### Activity
Below are some records. Return exactly the lines from the one containing "equation, so the" through the one containing "with \<open>\<theta> r", both included, and only those.

* * * * *

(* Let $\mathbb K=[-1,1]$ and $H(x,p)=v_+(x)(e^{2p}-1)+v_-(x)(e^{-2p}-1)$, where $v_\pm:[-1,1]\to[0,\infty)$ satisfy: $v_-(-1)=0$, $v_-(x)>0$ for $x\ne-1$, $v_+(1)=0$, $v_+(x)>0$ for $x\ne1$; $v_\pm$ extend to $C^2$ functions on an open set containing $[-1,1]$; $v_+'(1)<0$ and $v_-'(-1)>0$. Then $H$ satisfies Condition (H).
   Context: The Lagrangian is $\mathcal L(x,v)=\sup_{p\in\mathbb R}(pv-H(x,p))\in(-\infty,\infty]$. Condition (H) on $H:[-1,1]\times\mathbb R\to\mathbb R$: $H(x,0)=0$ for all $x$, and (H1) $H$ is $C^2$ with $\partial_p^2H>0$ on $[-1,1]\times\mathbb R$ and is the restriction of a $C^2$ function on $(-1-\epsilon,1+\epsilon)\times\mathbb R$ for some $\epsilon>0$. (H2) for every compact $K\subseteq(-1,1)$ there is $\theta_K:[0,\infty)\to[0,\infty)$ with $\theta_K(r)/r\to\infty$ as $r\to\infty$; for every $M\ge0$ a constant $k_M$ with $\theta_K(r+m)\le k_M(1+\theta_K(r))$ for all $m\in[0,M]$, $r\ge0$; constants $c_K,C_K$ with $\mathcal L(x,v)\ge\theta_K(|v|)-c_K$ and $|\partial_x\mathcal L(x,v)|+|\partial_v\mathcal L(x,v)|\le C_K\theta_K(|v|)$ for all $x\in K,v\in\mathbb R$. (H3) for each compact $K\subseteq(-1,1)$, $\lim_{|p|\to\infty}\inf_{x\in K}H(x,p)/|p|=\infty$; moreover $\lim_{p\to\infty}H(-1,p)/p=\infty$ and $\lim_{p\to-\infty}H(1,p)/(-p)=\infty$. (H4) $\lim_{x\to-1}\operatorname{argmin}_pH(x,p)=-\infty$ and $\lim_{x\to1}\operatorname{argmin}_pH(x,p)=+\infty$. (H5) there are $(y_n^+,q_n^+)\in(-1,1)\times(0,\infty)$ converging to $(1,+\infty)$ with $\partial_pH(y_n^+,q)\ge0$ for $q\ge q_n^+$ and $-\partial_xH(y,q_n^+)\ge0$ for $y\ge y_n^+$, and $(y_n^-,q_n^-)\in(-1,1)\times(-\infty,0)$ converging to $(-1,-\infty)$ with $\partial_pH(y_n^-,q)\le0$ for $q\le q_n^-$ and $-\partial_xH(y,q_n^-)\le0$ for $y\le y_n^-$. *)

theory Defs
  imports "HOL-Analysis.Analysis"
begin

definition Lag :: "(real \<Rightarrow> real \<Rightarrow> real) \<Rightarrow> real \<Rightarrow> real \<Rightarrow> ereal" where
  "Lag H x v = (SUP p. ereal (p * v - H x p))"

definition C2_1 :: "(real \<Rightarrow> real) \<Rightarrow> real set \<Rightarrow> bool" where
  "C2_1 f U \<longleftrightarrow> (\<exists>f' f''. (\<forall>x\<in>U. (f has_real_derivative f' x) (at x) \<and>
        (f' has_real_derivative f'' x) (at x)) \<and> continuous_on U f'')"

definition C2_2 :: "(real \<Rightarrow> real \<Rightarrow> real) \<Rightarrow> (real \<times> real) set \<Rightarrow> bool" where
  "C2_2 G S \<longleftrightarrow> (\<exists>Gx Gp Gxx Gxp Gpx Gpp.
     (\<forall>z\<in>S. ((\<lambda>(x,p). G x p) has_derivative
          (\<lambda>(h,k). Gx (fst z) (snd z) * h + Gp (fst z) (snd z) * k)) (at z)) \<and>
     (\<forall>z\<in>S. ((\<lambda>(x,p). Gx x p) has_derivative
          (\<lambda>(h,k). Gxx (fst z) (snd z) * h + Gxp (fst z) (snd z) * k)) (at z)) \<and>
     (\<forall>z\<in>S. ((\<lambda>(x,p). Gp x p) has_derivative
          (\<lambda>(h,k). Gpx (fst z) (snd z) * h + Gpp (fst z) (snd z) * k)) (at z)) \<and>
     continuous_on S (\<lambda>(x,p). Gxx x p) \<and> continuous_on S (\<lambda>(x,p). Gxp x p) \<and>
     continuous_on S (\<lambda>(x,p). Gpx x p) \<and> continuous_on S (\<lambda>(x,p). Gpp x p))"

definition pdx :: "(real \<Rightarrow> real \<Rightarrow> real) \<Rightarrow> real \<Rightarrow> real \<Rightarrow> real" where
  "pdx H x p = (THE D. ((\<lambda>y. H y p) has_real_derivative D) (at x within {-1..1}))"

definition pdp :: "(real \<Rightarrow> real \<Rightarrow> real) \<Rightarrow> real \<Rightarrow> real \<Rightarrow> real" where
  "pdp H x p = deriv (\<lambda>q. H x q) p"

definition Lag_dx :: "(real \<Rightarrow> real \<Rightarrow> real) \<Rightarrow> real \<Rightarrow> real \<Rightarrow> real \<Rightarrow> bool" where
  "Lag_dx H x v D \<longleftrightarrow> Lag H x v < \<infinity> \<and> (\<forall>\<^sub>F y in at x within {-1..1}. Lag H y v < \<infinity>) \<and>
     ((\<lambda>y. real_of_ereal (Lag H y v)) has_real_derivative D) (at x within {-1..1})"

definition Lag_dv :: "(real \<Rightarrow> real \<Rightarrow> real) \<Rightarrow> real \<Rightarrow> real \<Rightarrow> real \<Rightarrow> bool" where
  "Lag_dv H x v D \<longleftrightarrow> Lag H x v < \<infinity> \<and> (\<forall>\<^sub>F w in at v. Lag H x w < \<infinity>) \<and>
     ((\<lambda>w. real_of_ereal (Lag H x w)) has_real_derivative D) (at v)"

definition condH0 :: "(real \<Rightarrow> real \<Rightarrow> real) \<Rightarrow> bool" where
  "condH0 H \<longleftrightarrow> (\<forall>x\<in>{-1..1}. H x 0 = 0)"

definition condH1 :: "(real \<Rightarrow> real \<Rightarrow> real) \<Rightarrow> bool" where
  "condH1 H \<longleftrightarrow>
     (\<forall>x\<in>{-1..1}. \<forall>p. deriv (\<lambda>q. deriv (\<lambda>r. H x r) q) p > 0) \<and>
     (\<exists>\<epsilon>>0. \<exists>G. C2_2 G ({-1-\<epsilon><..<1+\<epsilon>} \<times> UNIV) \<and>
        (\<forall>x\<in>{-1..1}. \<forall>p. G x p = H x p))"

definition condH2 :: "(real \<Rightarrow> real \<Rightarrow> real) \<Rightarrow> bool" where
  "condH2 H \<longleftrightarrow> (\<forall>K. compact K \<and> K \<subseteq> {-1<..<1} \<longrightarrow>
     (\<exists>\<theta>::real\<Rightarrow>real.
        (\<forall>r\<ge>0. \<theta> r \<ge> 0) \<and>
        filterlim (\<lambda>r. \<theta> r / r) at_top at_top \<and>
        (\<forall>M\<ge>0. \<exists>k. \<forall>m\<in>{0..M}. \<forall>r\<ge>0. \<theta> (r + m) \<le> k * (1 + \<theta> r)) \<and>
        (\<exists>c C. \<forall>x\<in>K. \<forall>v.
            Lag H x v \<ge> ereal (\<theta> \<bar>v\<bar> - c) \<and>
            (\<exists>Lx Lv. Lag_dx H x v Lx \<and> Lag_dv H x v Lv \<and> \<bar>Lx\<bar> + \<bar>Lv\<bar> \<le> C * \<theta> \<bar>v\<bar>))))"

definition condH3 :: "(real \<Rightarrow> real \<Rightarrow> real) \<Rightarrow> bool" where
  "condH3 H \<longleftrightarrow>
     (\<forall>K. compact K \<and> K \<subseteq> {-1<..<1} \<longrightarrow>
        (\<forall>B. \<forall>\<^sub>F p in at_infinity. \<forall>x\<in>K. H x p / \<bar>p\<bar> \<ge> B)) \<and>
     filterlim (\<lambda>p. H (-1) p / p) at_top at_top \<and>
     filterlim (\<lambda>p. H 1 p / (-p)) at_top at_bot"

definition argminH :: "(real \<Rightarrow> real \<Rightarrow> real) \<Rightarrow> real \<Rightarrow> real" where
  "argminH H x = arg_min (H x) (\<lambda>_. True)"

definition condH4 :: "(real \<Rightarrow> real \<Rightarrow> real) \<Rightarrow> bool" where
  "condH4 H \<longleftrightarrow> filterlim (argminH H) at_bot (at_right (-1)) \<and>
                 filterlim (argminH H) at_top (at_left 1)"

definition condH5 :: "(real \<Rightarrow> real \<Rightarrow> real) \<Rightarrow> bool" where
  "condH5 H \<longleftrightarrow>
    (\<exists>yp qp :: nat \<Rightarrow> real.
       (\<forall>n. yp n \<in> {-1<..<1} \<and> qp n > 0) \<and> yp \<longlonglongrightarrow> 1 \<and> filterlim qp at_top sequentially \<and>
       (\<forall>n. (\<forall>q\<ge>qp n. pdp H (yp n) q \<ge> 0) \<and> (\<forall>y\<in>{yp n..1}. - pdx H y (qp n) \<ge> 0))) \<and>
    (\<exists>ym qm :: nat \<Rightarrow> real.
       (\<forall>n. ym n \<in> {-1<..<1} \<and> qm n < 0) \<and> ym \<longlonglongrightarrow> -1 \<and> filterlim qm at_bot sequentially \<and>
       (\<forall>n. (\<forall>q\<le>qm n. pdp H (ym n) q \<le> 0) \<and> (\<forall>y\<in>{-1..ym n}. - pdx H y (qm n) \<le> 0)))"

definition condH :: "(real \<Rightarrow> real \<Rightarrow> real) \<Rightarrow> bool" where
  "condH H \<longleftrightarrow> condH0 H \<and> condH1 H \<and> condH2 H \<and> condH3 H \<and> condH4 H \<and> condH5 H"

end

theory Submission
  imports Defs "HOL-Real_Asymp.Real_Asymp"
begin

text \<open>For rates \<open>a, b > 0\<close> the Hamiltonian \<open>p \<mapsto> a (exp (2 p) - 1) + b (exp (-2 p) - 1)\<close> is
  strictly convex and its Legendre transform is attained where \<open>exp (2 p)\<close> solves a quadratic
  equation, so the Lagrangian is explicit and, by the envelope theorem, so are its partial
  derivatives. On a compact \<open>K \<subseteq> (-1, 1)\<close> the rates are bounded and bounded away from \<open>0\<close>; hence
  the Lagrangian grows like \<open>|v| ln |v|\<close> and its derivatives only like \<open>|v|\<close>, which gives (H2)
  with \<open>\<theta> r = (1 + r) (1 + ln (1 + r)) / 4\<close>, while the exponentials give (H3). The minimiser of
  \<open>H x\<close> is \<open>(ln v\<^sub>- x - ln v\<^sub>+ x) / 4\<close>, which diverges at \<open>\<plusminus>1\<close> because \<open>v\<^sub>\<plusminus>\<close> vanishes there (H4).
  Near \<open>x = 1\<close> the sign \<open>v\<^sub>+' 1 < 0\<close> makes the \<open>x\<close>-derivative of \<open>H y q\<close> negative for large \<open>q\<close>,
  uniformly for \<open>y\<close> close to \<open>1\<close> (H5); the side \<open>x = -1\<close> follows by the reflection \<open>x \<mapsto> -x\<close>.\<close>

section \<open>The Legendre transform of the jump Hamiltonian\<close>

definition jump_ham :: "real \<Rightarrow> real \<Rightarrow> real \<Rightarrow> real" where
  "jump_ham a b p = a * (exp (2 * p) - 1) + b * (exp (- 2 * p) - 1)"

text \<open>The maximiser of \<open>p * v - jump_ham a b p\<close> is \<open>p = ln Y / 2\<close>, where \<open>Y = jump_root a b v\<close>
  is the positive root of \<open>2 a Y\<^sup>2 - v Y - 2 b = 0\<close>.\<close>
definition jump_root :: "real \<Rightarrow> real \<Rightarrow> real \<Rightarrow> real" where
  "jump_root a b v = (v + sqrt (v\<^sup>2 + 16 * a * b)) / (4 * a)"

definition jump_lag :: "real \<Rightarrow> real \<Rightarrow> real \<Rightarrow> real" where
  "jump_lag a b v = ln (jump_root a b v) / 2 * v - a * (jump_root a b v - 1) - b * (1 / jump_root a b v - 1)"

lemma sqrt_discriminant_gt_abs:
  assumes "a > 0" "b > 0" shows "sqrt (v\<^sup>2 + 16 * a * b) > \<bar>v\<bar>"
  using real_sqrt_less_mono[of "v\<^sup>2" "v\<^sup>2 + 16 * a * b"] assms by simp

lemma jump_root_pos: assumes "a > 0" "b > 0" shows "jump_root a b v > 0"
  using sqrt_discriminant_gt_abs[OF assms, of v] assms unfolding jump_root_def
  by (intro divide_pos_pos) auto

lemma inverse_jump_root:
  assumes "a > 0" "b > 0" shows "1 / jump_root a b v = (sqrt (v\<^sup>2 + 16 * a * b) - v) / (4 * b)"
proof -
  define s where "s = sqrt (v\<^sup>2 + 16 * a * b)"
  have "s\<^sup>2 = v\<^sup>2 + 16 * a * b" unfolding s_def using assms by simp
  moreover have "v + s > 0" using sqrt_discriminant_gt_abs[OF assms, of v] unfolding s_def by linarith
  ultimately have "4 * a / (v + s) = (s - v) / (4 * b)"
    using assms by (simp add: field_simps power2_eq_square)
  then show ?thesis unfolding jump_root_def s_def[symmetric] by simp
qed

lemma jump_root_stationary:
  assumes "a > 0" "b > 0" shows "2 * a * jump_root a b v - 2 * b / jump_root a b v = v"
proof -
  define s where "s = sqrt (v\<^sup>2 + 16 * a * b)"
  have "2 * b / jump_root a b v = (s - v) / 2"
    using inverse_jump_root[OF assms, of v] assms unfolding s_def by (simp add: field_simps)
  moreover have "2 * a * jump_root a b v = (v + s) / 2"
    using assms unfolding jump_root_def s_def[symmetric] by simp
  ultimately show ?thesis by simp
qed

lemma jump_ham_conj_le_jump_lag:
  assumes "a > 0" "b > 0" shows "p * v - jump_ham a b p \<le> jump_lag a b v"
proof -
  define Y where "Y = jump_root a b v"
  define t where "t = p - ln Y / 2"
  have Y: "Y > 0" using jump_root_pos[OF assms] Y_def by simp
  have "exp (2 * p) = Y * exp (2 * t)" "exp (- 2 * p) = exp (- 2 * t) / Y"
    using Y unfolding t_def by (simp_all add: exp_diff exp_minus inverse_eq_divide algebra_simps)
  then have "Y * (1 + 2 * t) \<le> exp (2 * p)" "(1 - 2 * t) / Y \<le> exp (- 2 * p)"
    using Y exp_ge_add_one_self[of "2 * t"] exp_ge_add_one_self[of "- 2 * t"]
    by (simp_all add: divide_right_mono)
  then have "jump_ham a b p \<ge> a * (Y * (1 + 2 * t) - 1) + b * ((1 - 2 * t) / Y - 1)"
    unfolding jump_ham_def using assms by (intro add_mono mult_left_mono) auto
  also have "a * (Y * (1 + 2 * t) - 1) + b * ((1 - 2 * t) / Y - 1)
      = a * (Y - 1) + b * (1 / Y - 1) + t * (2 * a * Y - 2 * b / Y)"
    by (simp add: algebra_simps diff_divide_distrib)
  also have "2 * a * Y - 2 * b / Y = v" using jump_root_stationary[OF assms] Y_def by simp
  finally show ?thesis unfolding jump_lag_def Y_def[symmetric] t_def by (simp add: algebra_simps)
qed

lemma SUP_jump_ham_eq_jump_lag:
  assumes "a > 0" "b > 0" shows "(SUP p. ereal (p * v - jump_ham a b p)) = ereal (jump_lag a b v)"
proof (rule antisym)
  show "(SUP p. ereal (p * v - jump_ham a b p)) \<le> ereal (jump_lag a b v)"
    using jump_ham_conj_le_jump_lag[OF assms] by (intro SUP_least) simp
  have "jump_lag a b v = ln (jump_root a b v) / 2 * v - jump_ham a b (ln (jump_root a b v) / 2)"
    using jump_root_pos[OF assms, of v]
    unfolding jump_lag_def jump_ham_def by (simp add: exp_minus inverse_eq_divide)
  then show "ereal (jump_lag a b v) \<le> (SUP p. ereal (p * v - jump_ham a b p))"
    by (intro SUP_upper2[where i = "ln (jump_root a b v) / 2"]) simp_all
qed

* * * * *

### Result of this task
  equation, so the Lagrangian is explicit and, by the envelope theorem, so are its partial
  derivatives. On a compact \<open>K \<subseteq> (-1, 1)\<close> the rates are bounded and bounded away from \<open>0\<close>; hence
  the Lagrangian grows like \<open>|v| ln |v|\<close> and its derivatives only like \<open>|v|\<close>, which gives (H2)
  with \<open>\<theta> r = (1 + r) (1 + ln (1 + r)) / 4\<close>, while the exponentials give (H3). The minimiser of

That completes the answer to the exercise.